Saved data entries
= Beginning of Section =
(* Suppose $T\in\mathcal B(\mathcal H)$ is quasitriangular and $\{P_n\}$ is a filtration with $\|(I-P_n)TP_n\|\to0$. Let $T_n=P_nT|_{P_n\mathcal H}$, an operator on the finite-dimensional space $P_n\mathcal H$. Then $j_{T_n}(\lambda)\to j_T(\lambda)$ for every $\lambda\in\mathbb C$.
   Context: $\mathcal H$ is a complex separable Hilbert space. For an operator $A$ on a Hilbert space $\mathcal K$, $j_A(z)=\inf\{\|(A-z)h\|:h\in\mathcal K,\|h\|=1\}$. A filtration is a sequence $\{P_n\}$ of finite-rank orthogonal projections with $\operatorname{Ran}P_n\subseteq\operatorname{Ran}P_{n+1}$ and $\bigcup_n\operatorname{Ran}P_n$ dense in $\mathcal H$. $T$ is quasitriangular if there is a filtration $\{P_n\}$ with $\|(I-P_n)TP_n\|\to0$. *)

theory Defs
  imports "HOL-Analysis.Analysis"
begin

text \<open>A complex Hilbert space is modelled as a real Hilbert space (type class
real_inner + complete_space) together with a complex structure J (multiplication
by the imaginary unit): a real-linear isometry with J (J x) = - x.
Complex scalar multiplication is c x = Re c x + Im c (J x); the complex inner
product has real part equal to the real inner product, so norms agree.\<close>

definition complex_structure :: "('a::real_inner \<Rightarrow> 'a) \<Rightarrow> bool" where
  "complex_structure J \<longleftrightarrow> linear J \<and> (\<forall>x. J (J x) = - x) \<and> (\<forall>x. norm (J x) = norm x)"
= End of Section =
▶ Requirement
Find every line in the records that has the word "with". Copy those lines.

▶ Result of the task
(* Suppose $T\in\mathcal B(\mathcal H)$ is quasitriangular and $\{P_n\}$ is a filtration with $\|(I-P_n)TP_n\|\to0$. Let $T_n=P_nT|_{P_n\mathcal H}$, an operator on the finite-dimensional space $P_n\mathcal H$. Then $j_{T_n}(\lambda)\to j_T(\lambda)$ for every $\lambda\in\mathbb C$.
   Context: $\mathcal H$ is a complex separable Hilbert space. For an operator $A$ on a Hilbert space $\mathcal K$, $j_A(z)=\inf\{\|(A-z)h\|:h\in\mathcal K,\|h\|=1\}$. A filtration is a sequence $\{P_n\}$ of finite-rank orthogonal projections with $\operatorname{Ran}P_n\subseteq\operatorname{Ran}P_{n+1}$ and $\bigcup_n\operatorname{Ran}P_n$ dense in $\mathcal H$. $T$ is quasitriangular if there is a filtration $\{P_n\}$ with $\|(I-P_n)TP_n\|\to0$. *)
real_inner + complete_space) together with a complex structure J (multiplication
by the imaginary unit): a real-linear isometry with J (J x) = - x.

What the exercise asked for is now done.